Fig. 4: Expression and characteristics of fibroblasts in GC tissues.
Fig. 4: Expression and characteristics of fibroblasts in GC tissues.
Full size image

A, B UMAP plots showing the distribution of 41 single-cell samples (involved in spatial transcriptomic annotation) across different groups, and 12 major cell clusters after clustering. AD: normal samples; PT: primary tumor samples; PM: peritoneal metastasis samples. C Bar charts showing the proportions of myeloid cells and fibroblasts in different groups. The y-axis represents cell abundance. D t-SNE plot showing further sub-clustering of fibroblasts into 6 fibroblast subpopulations.

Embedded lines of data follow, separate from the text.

lemma rewire_doubleton:
  "b \<noteq> d \<Longrightarrow> rewire a z M {b, d} b = insert {a, b} (insert {z, d} (M - {{b, d}}))"
  unfolding rewire_def by (simp add: insert_Diff_if)

lemma rewire_in_pair_partitions:
  assumes M: "M \<in> pair_partitions (J - {a, z})" "S \<in> M" "b \<in> S"
    and az: "a \<noteq> z" "a \<in> J" "z \<in> J"
  shows "rewire a z M S b \<in> pair_partitions J" and "{a, z} \<notin> rewire a z M S b"
proof -
  obtain d where d: "d \<noteq> b" "S = {b, d}" using pair_partition_block_at[OF M] .
  have bdJ: "{b, d} \<subseteq> J - {a, z}" using M(2) d(2) pair_partition_Union[OF M(1)] by blast
  have "{{a, b}} \<union> {{z, d}} \<in> pair_partitions ({a, b} \<union> {z, d})"
    using az d bdJ by (intro pair_partitions_Un pair_partitions_doubleton) auto
  moreover have "M - {S} \<in> pair_partitions (J - {a, z} - S)"
    using pair_partitions_Diff[OF M(1), of "{S}"] M(2) by simp
  ultimately have "({{a, b}} \<union> {{z, d}}) \<union> (M - {S})
      \<in> pair_partitions (({a, b} \<union> {z, d}) \<union> (J - {a, z} - S))"
    by (rule pair_partitions_Un) (use d(2) in auto)
  moreover have "({a, b} \<union> {z, d}) \<union> (J - {a, z} - S) = J" using az bdJ d(2) by blast
  ultimately show "rewire a z M S b \<in> pair_partitions J"
    using d by (simp add: rewire_doubleton insert_commute)
  have "\<forall>T\<in>M. a \<notin> T" using pair_partition_Union[OF M(1)] by blast
  then show "{a, z} \<notin> rewire a z M S b"
    using d bdJ \<open>a \<noteq> z\<close> by (auto simp: rewire_doubleton doubleton_eq_iff)
qed
(* Let $R$ be a commutative multiplicative hyperring with identity having the zero absorbing property, let $\alpha$ be a good endomorphism of $R$, and let $I$ be a hyperideal of $R$. Suppose that for all $a,b\in R$, $a\circ b\subseteq I$ implies $a\in I$ or $\alpha(b^n)\subseteq I$ for some $n\in\mathbb N$. Then $\sqrt[\alpha]{I}$ is an $\alpha$-prime hyperideal of $R$.
   Context: A multiplicative hyperring is an abelian group $(R,+)$ with a hyperoperation $\circ:R\times R\to \mathcal P^*(R)$ (nonempty subsets) such that $a\circ(b\circ c)=(a\circ b)\circ c$, $a\circ(b+c)\subseteq a\circ b+a\circ c$, $(b+c)\circ a\subseteq b\circ a+c\circ a$, and $a\circ(-b)=(-a)\circ b=-(a\circ b)$. Products of subsets are unions of elementwise products, and $x^n=x\circ\cdots\circ x$ ($n$ factors). Commutative means $a\circ b=b\circ a$. An identity $1$ satisfies $a\in1\circ a$ for all $a$. $R$ has the zero absorbing property if $0\circ r=r\circ0=\{0\}$ for all $r$. A hyperideal is a nonempty $I$ closed under subtraction with $r\circ x\subseteq I$ for $r\in R$, $x\in I$. Standing assumption: all hyperideals are $\mathbf C$-hyperideals, i.e. for every finite product $A=r_1\circ\cdots\circ r_n$, $A\cap I\ne\emptyset$ implies $A\subseteq I$. A good endomorphism $\alpha$ satisfies $\alpha(x+y)=\alpha(x)+\alpha(y)$ and $\alpha(x\circ y)=\alpha(x)\circ\alpha(y)$; it is applied to sets elementwise. The $\alpha$-radical is $\sqrt[\alpha]{I}=\{r:\alpha(r^n)\subseteq I\text{ for some }n\in\mathbb N\}$. A hyperideal $J$ is $\alpha$-prime if for all $x,y$, $x\circ y\subseteq J$ implies $x\in J$ or $\alpha(y)\in J$. *)

theory Defs
  imports Main
begin
lemma ex_socle_generator:
  "\<exists>r. r \<noteq> 0 \<and> (\<forall>x. r * x = 0 \<longleftrightarrow> x \<in> M) \<and> (\<forall>y. (\<forall>m\<in>M. m * y = 0) \<longrightarrow> r dvd y)"
proof -
  obtain r where "r \<noteq> 0" and rM: "\<And>m. m \<in> M \<Longrightarrow> m * r = 0"
    using ex_socle_multiple[of "{1}"] nontrivial by auto
  have ann_r: "x \<in> M" if "r * x = 0" for x
  proof (rule ccontr)
    assume "x \<notin> M"
    then obtain y where "1 = x * y"
      using unit_if_not_mem unfolding dvd_def by blast
    then have "r = r * x * y" by (simp add: mult.assoc)
    with \<open>r * x = 0\<close> \<open>r \<noteq> 0\<close> show False by simp
  qed
  have ann_M: "r dvd y" if y: "\<forall>m\<in>M. m * y = 0" for y
  proof -
    have "r dvd y \<or> y dvd r"
      using ideals_linear[OF r_ideal_multiples r_ideal_multiples, of r y]
      by (metis dvd_refl mem_Collect_eq subsetD)
    then show ?thesis
    proof
      assume "y dvd r"
      then obtain t where t: "r = y * t" by (rule dvdE)
      with y \<open>r \<noteq> 0\<close> have "t \<notin> M" by (auto simp: mult.commute)
      then obtain t' where "1 = t * t'"
        using unit_if_not_mem unfolding dvd_def by blast
      then have "y = r * t'" by (simp add: t mult.assoc)
      then show ?thesis ..
    qed
  qed
  have "r * x = 0" if "x \<in> M" for x
    using rM[OF that] by (simp add: mult.commute)
  with ann_r have "\<forall>x. r * x = 0 \<longleftrightarrow> x \<in> M"
    by blast
  with \<open>r \<noteq> 0\<close> ann_M show ?thesis
    by blast
qed

end

section \<open>Quasi-abelian codes and reduction\<close>

lemma gmult_gone_right: "gmult u (gone :: 'g::{finite,ab_group_add} \<Rightarrow> 'r::comm_ring_1) = u"
proof
  fix g :: 'g
  have "gmult u (gone :: 'g \<Rightarrow> 'r) g = (\<Sum>h\<in>UNIV. if h = g then u h else 0)"
    unfolding gmult_def gone_def by (rule sum.cong) auto
  then show "gmult u (gone :: 'g \<Rightarrow> 'r) g = u g" by simp
qed

lemma gmult_sum_left:
  "gmult (\<lambda>h. \<Sum>i\<in>I. c i * f i h) x g = (\<Sum>i\<in>I. c i * gmult (f i) x g)"
  unfolding gmult_def
  by (simp add: sum_distrib_left sum_distrib_right mult.assoc sum.swap[of _ UNIV])

lemma gmult_scale_left: "gmult (\<lambda>h. s * u h) x = (\<lambda>g. s * gmult u x g)"
  unfolding gmult_def by (simp add: sum_distrib_left mult.assoc)

lemma qa_code_gone: "qa_code gone x = {(u, gmult u x) | u. True}"
  unfolding qa_code_def gmult_gone_right ..

lemma qa_code_gone_ex_nonzero:
  assumes "(0::'r::comm_ring_1) \<noteq> 1"
  shows "\<exists>w\<in>qa_code gone (x :: 'g::{finite,ab_group_add} \<Rightarrow> 'r). w \<noteq> zero_word"
proof
  have "(gone :: 'g \<Rightarrow> 'r) 0 \<noteq> 0"
    using assms by (simp add: gone_def)
  then show "(gone, gmult gone x) \<noteq> zero_word"
    unfolding zero_word_def by (auto dest: fun_cong[of _ _ 0])
qed (auto simp: qa_code_gone)

lemma ring_hom_on_zero: "ring_hom_on f \<Longrightarrow> f 0 = 0"
  unfolding ring_hom_on_def by (metis add_cancel_left_right add_0)
lemma minor_in_I2:
  assumes "i \<noteq> k" "j \<noteq> l" "i < m" "j < n" "k < m" "l < n"
  shows "(Ax A i j * Ax A k l - Ax A i l * Ax A k j :: 'k::comm_ring_1 mpoly) \<in> I2 m n A"
proof -
  have gen: "(Ax A i j * Ax A k l - Ax A i l * Ax A k j :: 'k mpoly) \<in> I2 m n A"
    if "i < k" "k < m" "j < l" "l < n" for i j k l
    using that unfolding I2_def minors2_def
    by (intro generator_in_ideal_gen_in) (auto simp: kA_def)
  have rows_ordered: "(Ax A i j * Ax A k l - Ax A i l * Ax A k j :: 'k mpoly) \<in> I2 m n A"
    if "i < k" "k < m" "j \<noteq> l" "j < n" "l < n" for i j k l
  proof (cases "j < l")
    case True
    with that show ?thesis by (intro gen)
  next
    case False
    with that have "(Ax A i l * Ax A k j - Ax A i j * Ax A k l :: 'k mpoly) \<in> I2 m n A"
      by (intro gen) auto
    then have "- (Ax A i l * Ax A k j - Ax A i j * Ax A k l :: 'k mpoly) \<in> I2 m n A"
      unfolding I2_def by (rule ideal_gen_in_uminus[rotated]) (simp add: uminus_in_kA)
    then show ?thesis by simp
  qed
  show ?thesis
  proof (cases "i < k")
    case True
    with assms show ?thesis by (intro rows_ordered)
  next
    case False
    with assms have "(Ax A k l * Ax A i j - Ax A k j * Ax A i l :: 'k mpoly) \<in> I2 m n A"
      by (intro rows_ordered) auto
    then show ?thesis by (simp add: mult.commute)
  qed
qed

lemma eval_indicator_Ax:
  assumes "T \<subseteq> {(a, c). A a c}"
  shows "eval_indicator T (Ax A a c :: 'k::comm_ring_1 mpoly) = of_bool ((a, c) \<in> T)"
  using assms by (auto simp: Ax_def eval_indicator_Var)
lemma continuous_on_dual_risk: "continuous_on {0..} dual_risk"
proof (rule lipschitz_on_continuous_on[OF lipschitz_onI])
  have le: "dist (dual_risk a) (dual_risk b) \<le> (2 * r + 1) * dist a b" if "0 \<le> a" "a \<le> b" for a b
    using dual_risk_antimono[OF that] dual_risk_le_add[OF that] that
    by (simp add: dist_real_def abs_le_iff algebra_simps)
  fix x y :: real
  assume "x \<in> {0..}" "y \<in> {0..}"
  then show "dist (dual_risk x) (dual_risk y) \<le> (2 * r + 1) * dist x y"
    using le[of x y] le[of y x] by (cases "x \<le> y") (auto simp: dist_commute)
qed (use r_pos in simp)

lemma dual_risk_level:
  assumes "dual_risk lam_max \<le> y" "y \<le> dual_risk 0"
  shows "\<exists>l. 0 \<le> l \<and> l \<le> lam_max \<and> dual_risk l = y"
  using IVT2'[OF assms lam_max_nonneg] continuous_on_subset[OF continuous_on_dual_risk] by auto

lemma surrogate_exact_lam_max:
  assumes "\<forall>i<n. zs i \<in> Zset r"
  shows "surrogate_exact r w n zs lam_max"
proof (rule surrogate_exact_mono[OF r_nonneg assms _ _ surrogate_exact_max[OF r_nonneg assms]])
  show "max (2 * norm w * r) (norm w) \<le> lam_max"
    unfolding lam_max_def using norm_w_le norm_w_mult_r_le by (intro max.mono) auto
qed (simp add: le_max_iff_disj)

lemma emp_mean_clipped_surrogate:
  assumes "0 \<le> lam" "\<forall>i<n. zs i \<in> Zset r" "surrogate_exact r w n zs lam"
  shows "emp_mean n zs (clipped_surrogate lam) = emp_mean n zs (hinge w)"
  using assms unfolding emp_mean_def surrogate_exact_def by (simp add: clipped_surrogate_eq)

E, F RNA Velocity analysis indicating the differentiation direction of different cancer-associated fibroblasts (CAFs); the start of the arrow represents the subpopulation with low differentiation potential, and the end of the arrow represents the subpopulation with high differentiation potential. F Kaplan–Meier (KM) survival curve showing that patients with high Stromal Scores (quantified from Masson staining) had poorer prognosis. G Bubble plot showing the typical markers of different fibroblast (Fib) subpopulations; the size and color of the bubbles represent the significance of the markers (bubble size indicates gene expression proportion, color intensity indicates differential significance). H, I Circular pie charts showing the proportion of each fibroblast subpopulation in different sample groups. J, K Pie chart and heatmap showing the abundance of each fibroblast subpopulation in samples of different groups, calculated using the R/oe method. L Identification of fibroblast subpopulations most associated with peritoneal metastasis using the Scissor algorithm; the proportion plot below shows the percentage of cells with Scissor+ characteristics. M Radar chart showing CAF functional scoring of different fibroblast subpopulations to identify the properties of inflammatory CAFs (iCAFs), myo-fibroblastic CAFs (myCAFs), and angiogenic CAFs (apCAFs). N Box plot showing the differences in CAF scores between groups with different clinical characteristics. O, P KM survival curves showing the survival prognosis of patients with high ACTA2⁺CAF expression in different GC transcriptomic cohorts.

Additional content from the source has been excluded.